Oxidation Chemistry of Dopamine: Possible Insights into the Age-Dependent Loss of Dopaminergic Nigrostriatal Neurons

The oxidation chemistry of the chemical neurotransmitter dopamine (DA) has been investigated using electrochemical approaches. At physiological pH in aqueous solution DA is initially oxidized at a pyrolytic graphite electrode in a reversible 2e, 2H+ reaction to give DA-o-quinone (1). Deprotonation and intramolecular cyclization of 1 yields 5,6-dihydroxyin-doline (3) which is rapidly further oxidized (2e, 2H+) to 6-hydroxyindoline-6-one (4; dopaminochrome).

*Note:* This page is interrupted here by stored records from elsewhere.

theorem dir_coercive_iff_dom_conj:
  fixes f :: "'a::{real_vector,topological_space} \<Rightarrow> ereal"
  assumes lc: "locally_convex_tvs TYPE('a)" and f: "f \<in> GammaX" and \<phi>: "\<phi> \<in> topdual"
  shows "dir_coercive (\<lambda>x. f x - ereal (\<phi> x)) \<longleftrightarrow> (\<forall>u. u \<noteq> 0 \<longrightarrow> (\<exists>\<psi>\<in>dom_conj f. \<phi> u < \<psi> u))"
  using dom_conj_above_if_dir_coercive[OF lc f \<phi>] tendsto_PInfty_along_ray[OF _ \<phi>]
  unfolding dir_coercive_def by blast

theorem corollary11:
  fixes f :: "'a::{real_vector,t2_space} \<Rightarrow> ereal"
  assumes "locally_convex_tvs TYPE('a)"
    and "\<exists>x::'a. x \<noteq> 0"
    and "f \<in> GammaX"
  shows "(dir_coercive f \<longleftrightarrow> (\<lambda>x::'a. 0::real) \<in> qi (wstar_closure (dom_conj f)))
       \<and> (ess_dir_coercive f \<longleftrightarrow> qi (wstar_closure (dom_conj f)) \<noteq> {})"
proof -
  have separating: "\<exists>k\<in>topdual. 0 < k u" if "u \<noteq> 0" for u :: 'a
    using topdual_separates_points[OF assms(1) that] .
  have main: "dir_coercive (\<lambda>x. f x - ereal (\<phi> x)) \<longleftrightarrow> \<phi> \<in> qi (wstar_closure (dom_conj f))"
    if "\<phi> \<in> topdual" for \<phi>
    using dir_coercive_iff_dom_conj[OF assms(1,3) that]
      qi_wstar_closure_iff[OF convex_dom_conj dom_conj_subset_topdual that assms(2) separating] by simp
  have "qi (wstar_closure (dom_conj f)) \<subseteq> topdual"
    unfolding qi_def using wstar_closure_subset_topdual by blast
  then show ?thesis
    using main[OF topdual_zero] unfolding ess_dir_coercive_def by (auto simp: main)
qed

end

Compound 4 then rearranges to 5,6-dihydroxyindole (5) which for the first time has been unequivocally identified as an oxidation product of DA. When preconcentrated on a preparative reversed-phase HPLC column 5 undergoes an unusual nonoxidative dimerization reaction to give 2-(5 ,6-dihydroxyindoline-3-yl)-5,6-dihydroxyindole (7). This 2,3′-linked indole-indoline dimer is extremely toxic when centrally administered to laboratory mice and evokes complex behavioral responses including convulsions, tremor, and hyperactivity. DA is known to undergo autoxidation in the cytoplasm of dopaminergic substantia nigra neurons to give neuromelanin polymer. Based on the results obtained in this study it is speculated that 5, a necessary intermediate in the latter reaction, is adsorbed on neuromelanin and reacts to form 7 which along with DA-o-quinone (1) and dopaminochrome (4) might be endotoxins that contribute to the age-dependent degeneration of dopaminergic SN neurons. In the presence of L-cysteine DA-o-quinone (1) reacts to give 5-S-cysteinyldopamine (8) not 6-S-cysteinyldopamine as has been suggested by other investigators.